Consider a nuclear reaction `A+B rarr C`. A nucleus `A` moving with kinetic energy of `5 MeV` collides with a nucleus `B` moving with kinetic energy of `3MeV` and forms a nucleus `C` in exicted state. Find the kinetic energy of nucleus `C` just after its fromation if it is formed in a state with excitation energy `10 MeV`. Take masses of nuclei of `A,B` and `C ` as `25.0,10.0,34.995 amu`, respectively.
(1amu=`930 MeV//c^(2))`.

To solve the problem, we will use the conservation of energy principle.

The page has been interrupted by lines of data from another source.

(* There exists a constant $C$ such that for all $n\in\mathbb{N}$ and all $\mathbf{x}\in C_0([0,1],G(\mathbb{R}^d))$ with $0<\|\mathbf{x}\|_{\phi_p}<\infty$, \[ \frac{d_\infty(\mathbf{x},\Upsilon_n(\mathbf{x}))}{\|\mathbf{x}\|_{\phi_p}}\leq C\sqrt{\phi_p(2^{-n})}. \]
   Context: Fix $d\geq2$, $p\in(2,3)$. $G(\mathbb{R}^d)$ is the set of $g=(g^1,g^2)\in\mathbb{R}^d\oplus(\mathbb{R}^d\otimes\mathbb{R}^d)$ whose symmetric part of $g^2$ is $\frac12g^1\otimes g^1$, with product $g\otimes h=(g^1+h^1,g^2+g^1\otimes h^1+h^2)$, identity $(0,0)=:\exp(0)$, inverse $(g^1,g^2)^{-1}=(-g^1,-g^2+g^1\otimes g^1)$; $\exp(a^1,a^2)=(a^1,a^2+\frac12a^1\otimes a^1)$ for antisymmetric $a^2$, $\exp(x):=\exp(x,0)$; dilation $\delta_\lambda\exp(a^1,a^2)=\exp(\lambda a^1,\lambda^2a^2)$; $\|g\|=\inf\{\sum_i|x^i|:x^i\in\mathbb{R}^d,\exp(x^1)\otimes\cdots\otimes\exp(x^k)=g\}$. $C_0([0,1],G(\mathbb{R}^d))$: continuous paths with $\mathbf{x}_0=\exp(0)$; $\mathbf{x}_{s,t}=\mathbf{x}_s^{-1}\otimes\mathbf{x}_t$; $\|\mathbf{x}\|_\psi=\sup_{0\leq s<t\leq1}\|\mathbf{x}_{s,t}\|/\psi(t-s)$; $d_\infty(\mathbf{x},\mathbf{y})=\sup_{0\leq s<t\leq1}\|\mathbf{x}_{s,t}^{-1}\otimes\mathbf{y}_{s,t}\|$. $\Upsilon_n(\mathbf{x})$ is the path with $\Upsilon_n(\mathbf{x})_{k/2^n}=\mathbf{x}_{k/2^n}$ for $k=0,\dots,2^n$ and $\Upsilon_n(\mathbf{x})_{k/2^n,\,k/2^n+t}=\delta_{2^nt}(\mathbf{x}_{k/2^n,(k+1)/2^n})$ for $t\in[0,2^{-n}]$, $k=0,\dots,2^n-1$. $\zeta(x)=\frac{1}{2\sqrt2}\int_0^x\sqrt{\log(1+u^{-2})/u}\,du$; $\phi_p$ is the $p$-th root of the smallest convex function on $[0,1]$ dominating $\zeta^p$. *)

theory Defs
  imports "HOL-Analysis.Analysis"
begin

text \<open>Step-2 free nilpotent group G(R^d): elements are pairs (g1, g2) with
  g1 in R^d and g2 in R^d tensor R^d (a d x d matrix).\<close>

type_synonym ('d) grp = "(real^'d) \<times> ((real^'d)^'d)"

definition tens :: "real^('d::finite) \<Rightarrow> real^('d::finite) \<Rightarrow> real^'d^'d" where
  "tens a b = (\<chi> i j. a $ i * b $ j)"

definition Gset :: "('d::finite) grp set" where
  "Gset = {(g1, g2). (1/2) *\<^sub>R (g2 + transpose g2) = (1/2) *\<^sub>R tens g1 g1}"

definition gmul :: "('d::finite) grp \<Rightarrow> ('d::finite) grp \<Rightarrow> ('d::finite) grp" where
  "gmul g h = (fst g + fst h, snd g + tens (fst g) (fst h) + snd h)"

definition gid :: "('d::finite) grp" where
  "gid = (0, 0)"

definition ginv :: "('d::finite) grp \<Rightarrow> ('d::finite) grp" where
  "ginv g = (- fst g, - snd g + tens (fst g) (fst g))"

text \<open>exp(a1,a2) for antisymmetric a2, and exp(x) = exp(x,0).\<close>
definition gexp2 :: "real^('d::finite) \<Rightarrow> real^'d^'d \<Rightarrow> ('d::finite) grp" where
  "gexp2 a1 a2 = (a1, a2 + (1/2) *\<^sub>R tens a1 a1)"

definition gexp :: "real^('d::finite) \<Rightarrow> ('d::finite) grp" where
  "gexp x = gexp2 x 0"

text \<open>Dilation: delta_lambda exp(a1,a2) = exp(lambda a1, lambda^2 a2), where
  a1 = g1 and a2 = g2 - 1/2 g1 tensor g1 is the antisymmetric part.\<close>
definition dil :: "real \<Rightarrow> ('d::finite) grp \<Rightarrow> ('d::finite) grp" where
  "dil r g = gexp2 (r *\<^sub>R fst g) (r\<^sup>2 *\<^sub>R (snd g - (1/2) *\<^sub>R tens (fst g) (fst g)))"

definition ccnorm :: "('d::finite) grp \<Rightarrow> real" where
  "ccnorm g = Inf {sum_list (map norm xs) | xs.
                   foldr (\<lambda>v h. gmul (gexp v) h) xs gid = g}"

definition is_Gpath :: "(real \<Rightarrow> ('d::finite) grp) \<Rightarrow> bool" where
  "is_Gpath x \<longleftrightarrow> continuous_on {0..1} x \<and> (\<forall>t\<in>{0..1}. x t \<in> Gset) \<and> x 0 = gid"

definition incr :: "(real \<Rightarrow> ('d::finite) grp) \<Rightarrow> real \<Rightarrow> real \<Rightarrow> ('d::finite) grp" where
  "incr x s t = gmul (ginv (x s)) (x t)"

definition hnorm :: "(real \<Rightarrow> real) \<Rightarrow> (real \<Rightarrow> ('d::finite) grp) \<Rightarrow> ereal" where
  "hnorm \<psi> x = (SUP (s, t) \<in> {(s, t). 0 \<le> s \<and> s < t \<and> t \<le> 1}.
                    ereal (ccnorm (incr x s t) / \<psi> (t - s)))"

definition dinf :: "(real \<Rightarrow> ('d::finite) grp) \<Rightarrow> (real \<Rightarrow> ('d::finite) grp) \<Rightarrow> ereal" where
  "dinf x y = (SUP (s, t) \<in> {(s, t). 0 \<le> s \<and> s < t \<and> t \<le> 1}.
                    ereal (ccnorm (gmul (ginv (incr x s t)) (incr y s t))))"

definition upsilon :: "nat \<Rightarrow> (real \<Rightarrow> ('d::finite) grp) \<Rightarrow> real \<Rightarrow> ('d::finite) grp" where
  "upsilon n x t =
     (let k = min (nat \<lfloor>2 ^ n * t\<rfloor>) (2 ^ n - 1);
          a = real k / 2 ^ n;
          b = (real k + 1) / 2 ^ n
      in gmul (x a) (dil (2 ^ n * (t - a)) (incr x a b)))"

definition zeta :: "real \<Rightarrow> real" where
  "zeta x = 1 / (2 * sqrt 2) * integral {0..x} (\<lambda>u. sqrt (ln (1 + 1 / u\<^sup>2) / u))"

text \<open>phi_p: p-th root of the least convex majorant of zeta^p on [0,1]
  (taken as the pointwise infimum of all convex majorants).\<close>
definition phi :: "real \<Rightarrow> real \<Rightarrow> real" where
  "phi p x = (Inf {f x | f. convex_on {0..1} f \<and> (\<forall>y\<in>{0..1}. zeta y powr p \<le> f y)}) powr (1 / p)"

end

theory Submission
  imports Defs
begin

text \<open>
  Fix \<open>s < t\<close> and let \<open>a, b\<close> be the left endpoints of the dyadic intervals of generation \<open>n\<close>
  containing \<open>s, t\<close>. Both \<open>x\<^sub>s\<^sub>t\<close> and the increment of \<open>\<Upsilon>\<^sub>n(x)\<close> over \<open>[s,t]\<close> have the form
  \<open>P\<inverse> x\<^sub>a\<^sub>b Q\<close> with outer factors living on intervals of length at most \<open>2\<^sup>-\<^sup>n\<close>. In a step-2 group
  the quotient of two such products is \<open>F\<inverse> (M\<inverse> (E D\<inverse>) M) G\<close> with \<open>M = x\<^sub>a\<^sub>b\<close>, so the long piece
  \<open>M\<close> only enters through a conjugation and contributes linearly to the second level. If \<open>r\<close>
  bounds the norm of increments over intervals of length at most \<open>2\<^sup>-\<^sup>n\<close> and \<open>R \<ge> r\<close> bounds all
  increments, the quotient thus has first level \<open>O(r)\<close> and second level \<open>O(r R)\<close>. The ball-box
  estimate \<open>\<parallel>g\<parallel> \<le> (1 + 4d) (|g\<^sup>1| + |g\<^sup>2|\<^sup>1\<^sup>/\<^sup>2)\<close>, obtained from explicit commutator words,
  turns this into \<open>d\<^sub>\<infinity>(x, \<Upsilon>\<^sub>n(x)) \<le> 8 (1 + 4d) (r R)\<^sup>1\<^sup>/\<^sup>2\<close>; with \<open>r = K \<phi>\<^sub>p(2\<^sup>-\<^sup>n)\<close> and \<open>R = K \<phi>\<^sub>p(1)\<close>,
  \<open>K\<close> the \<open>\<phi>\<^sub>p\<close>-Hoelder norm, this is the claim, because \<open>\<phi>\<^sub>p\<close> is positive and nondecreasing.
\<close>

section \<open>The step-2 group\<close>

lemma tens_nth [simp]: "tens a b $ i $ j = a $ i * b $ j"
  by (simp add: tens_def)

lemma tens_add_left [simp]: "tens (a + b) c = tens a c + tens b c"
  and tens_add_right [simp]: "tens a (b + c) = tens a b + tens a c"
  and tens_diff_left [simp]: "tens (a - b) c = tens a c - tens b c"
  and tens_diff_right [simp]: "tens a (b - c) = tens a b - tens a c"
  and tens_minus_left [simp]: "tens (- a) c = - tens a c"
  and tens_minus_right [simp]: "tens a (- c) = - tens a c"
  and tens_zero_left [simp]: "tens 0 c = 0"
  and tens_zero_right [simp]: "tens a 0 = 0"
  and tens_scaleR_left [simp]: "tens (r *\<^sub>R a) c = r *\<^sub>R tens a c"
  and tens_scaleR_right [simp]: "tens a (r *\<^sub>R c) = r *\<^sub>R tens a c"
  by (simp_all add: vec_eq_iff algebra_simps)

lemma norm_tens: "norm (tens a b) = norm a * norm b"
proof -
  have rows: "tens a b $ i = (a $ i) *\<^sub>R b" for i
    by (simp add: vec_eq_iff)
  have "norm (tens a b) = L2_set (\<lambda>i. norm b * norm (a $ i)) UNIV"
    unfolding norm_vec_def[of "tens a b"] rows by (simp only: norm_scaleR real_norm_def mult.commute)
  also have "\<dots> = norm a * norm b"
    by (simp add: L2_set_right_distrib norm_vec_def[of a] mult.commute)
  finally show ?thesis .
qed

lemma fst_gmul [simp]: "fst (gmul g h) = fst g + fst h"
  and snd_gmul [simp]: "snd (gmul g h) = snd g + tens (fst g) (fst h) + snd h"
  and fst_ginv [simp]: "fst (ginv g) = - fst g"
  and snd_ginv [simp]: "snd (ginv g) = - snd g + tens (fst g) (fst g)"
  and fst_dil [simp]: "fst (dil r g) = r *\<^sub>R fst g"
  and snd_dil [simp]: "snd (dil r g) = r\<^sup>2 *\<^sub>R snd g"
  by (simp_all add: gmul_def ginv_def dil_def gexp2_def algebra_simps power2_eq_square)

lemma gexp_eq: "gexp v = (v, (1/2) *\<^sub>R tens v v)"
  by (simp add: gexp_def gexp2_def)

lemma gmul_assoc: "gmul (gmul a b) c = gmul a (gmul b c)"
  by (simp add: gmul_def algebra_simps)

lemma gmul_gid_left [simp]: "gmul gid g = g"
  and gmul_gid_right [simp]: "gmul g gid = g"
  and gmul_ginv_left [simp]: "gmul (ginv g) g = gid"
  and gmul_ginv_right [simp]: "gmul g (ginv g) = gid"
  and ginv_ginv [simp]: "ginv (ginv g) = g"
  by (simp_all add: gmul_def ginv_def gid_def)

lemma ginv_gmul: "ginv (gmul g h) = gmul (ginv h) (ginv g)"
  by (simp add: gmul_def ginv_def algebra_simps)

lemma Gset_iff: "g \<in> Gset \<longleftrightarrow> snd g + transpose (snd g) = tens (fst g) (fst g)"
  by (cases g) (simp add: Gset_def)

lemma Gset_gid: "gid \<in> Gset"
  and Gset_gmul: "g \<in> Gset \<Longrightarrow> h \<in> Gset \<Longrightarrow> gmul g h \<in> Gset"
  and Gset_ginv: "g \<in> Gset \<Longrightarrow> ginv g \<in> Gset"
  and Gset_dil: "g \<in> Gset \<Longrightarrow> dil r g \<in> Gset"
  unfolding Gset_iff
  by (simp_all add: gid_def vec_eq_iff transpose_def algebra_simps power2_eq_square)
     (metis distrib_left)

lemma norm_fst_gmul_le: "norm (fst (gmul g h)) \<le> norm (fst g) + norm (fst h)"
  by (simp add: norm_triangle_ineq)

lemma norm_snd_gmul_le:
  "norm (snd (gmul g h)) \<le> norm (snd g) + norm (fst g) * norm (fst h) + norm (snd h)"
proof -
  have "norm (snd g + tens (fst g) (fst h) + snd h)
      \<le> norm (snd g) + norm (tens (fst g) (fst h)) + norm (snd h)"
    using norm_triangle_ineq[of "snd g + tens (fst g) (fst h)" "snd h"]
      norm_triangle_ineq[of "snd g" "tens (fst g) (fst h)"] by linarith
  then show ?thesis
    by (simp add: norm_tens)
qed

lemma norm_snd_ginv_le: "norm (snd (ginv g)) \<le> norm (snd g) + (norm (fst g))\<^sup>2"
  using norm_triangle_ineq[of "- snd g" "tens (fst g) (fst g)"]
  by (simp add: norm_tens power2_eq_square)

lemma gconj_eq:
  "gmul (ginv m) (gmul y m) = (fst y, snd y + tens (fst y) (fst m) - tens (fst m) (fst y))"
  by (simp add: gmul_def ginv_def vec_eq_iff algebra_simps)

The total energy before the reaction must equal the total energy after the reaction. ### Step-by-Step Solution: 1. **Identify the Given Values:** - Kinetic energy of nucleus A, \( KE_A = 5 \, \text{MeV} \) - Kinetic energy of nucleus B, \( KE_B = 3 \, \text{MeV} \) - Excitation energy of nucleus C, \( E_{exc} = 10 \, \text{MeV} \) - Mass of nucleus A, \( m_A = 25.0 \, \text{amu} \) - Mass of nucleus B, \( m_B = 10.0 \, \text{amu} \) - Mass of nucleus C, \( m_C = 34.995 \, \text{amu} \) - Conversion factor: \( 1 \, \text{amu} = 930 \, \text{MeV}/c^2 \) 2. **Calculate the Total Initial Energy:** The total initial energy is the sum of the rest mass energy and the kinetic energies of both nuclei: \[ E_{initial} = (m_A + m_B) \times 930 \, \text{MeV} + KE_A + KE_B \] Substituting the values: \[ E_{initial} = (25.0 + 10.0) \times 930 + 5 + 3 \] \[ E_{initial} = 35.0 \times 930 + 8 = 32550 + 8 = 32558 \, \text{MeV} \] 3. **Calculate the Total Final Energy:** The total final energy consists of the rest mass energy of nucleus C and its kinetic energy: \[ E_{final} = m_C \times 930 + KE_C + E_{exc} \] Rearranging gives us: \[ KE_C = E_{final} - (m_C \times 930 + E_{exc}) \] 4. **Calculate the Rest Mass Energy of Nucleus C:** \[ m_C \times 930 = 34.995 \times 930 = 32525.35 \, \text{MeV} \] 5. **Set Up the Equation for Conservation of Energy:** \[ E_{initial} = E_{final} \] \[ 32558 = 32525.35 + KE_C + 10 \] Rearranging gives: \[ KE_C = 32558 - 32525.35 - 10 \] \[ KE_C = 32558 - 32535.35 = 22.65 \, \text{MeV} \] 6. **Final Calculation:** \[ KE_C = 22.65 \, \text{MeV} \] ### Final Answer: The kinetic energy of nucleus C just after its formation is \( KE_C = 22.65 \, \text{MeV} \).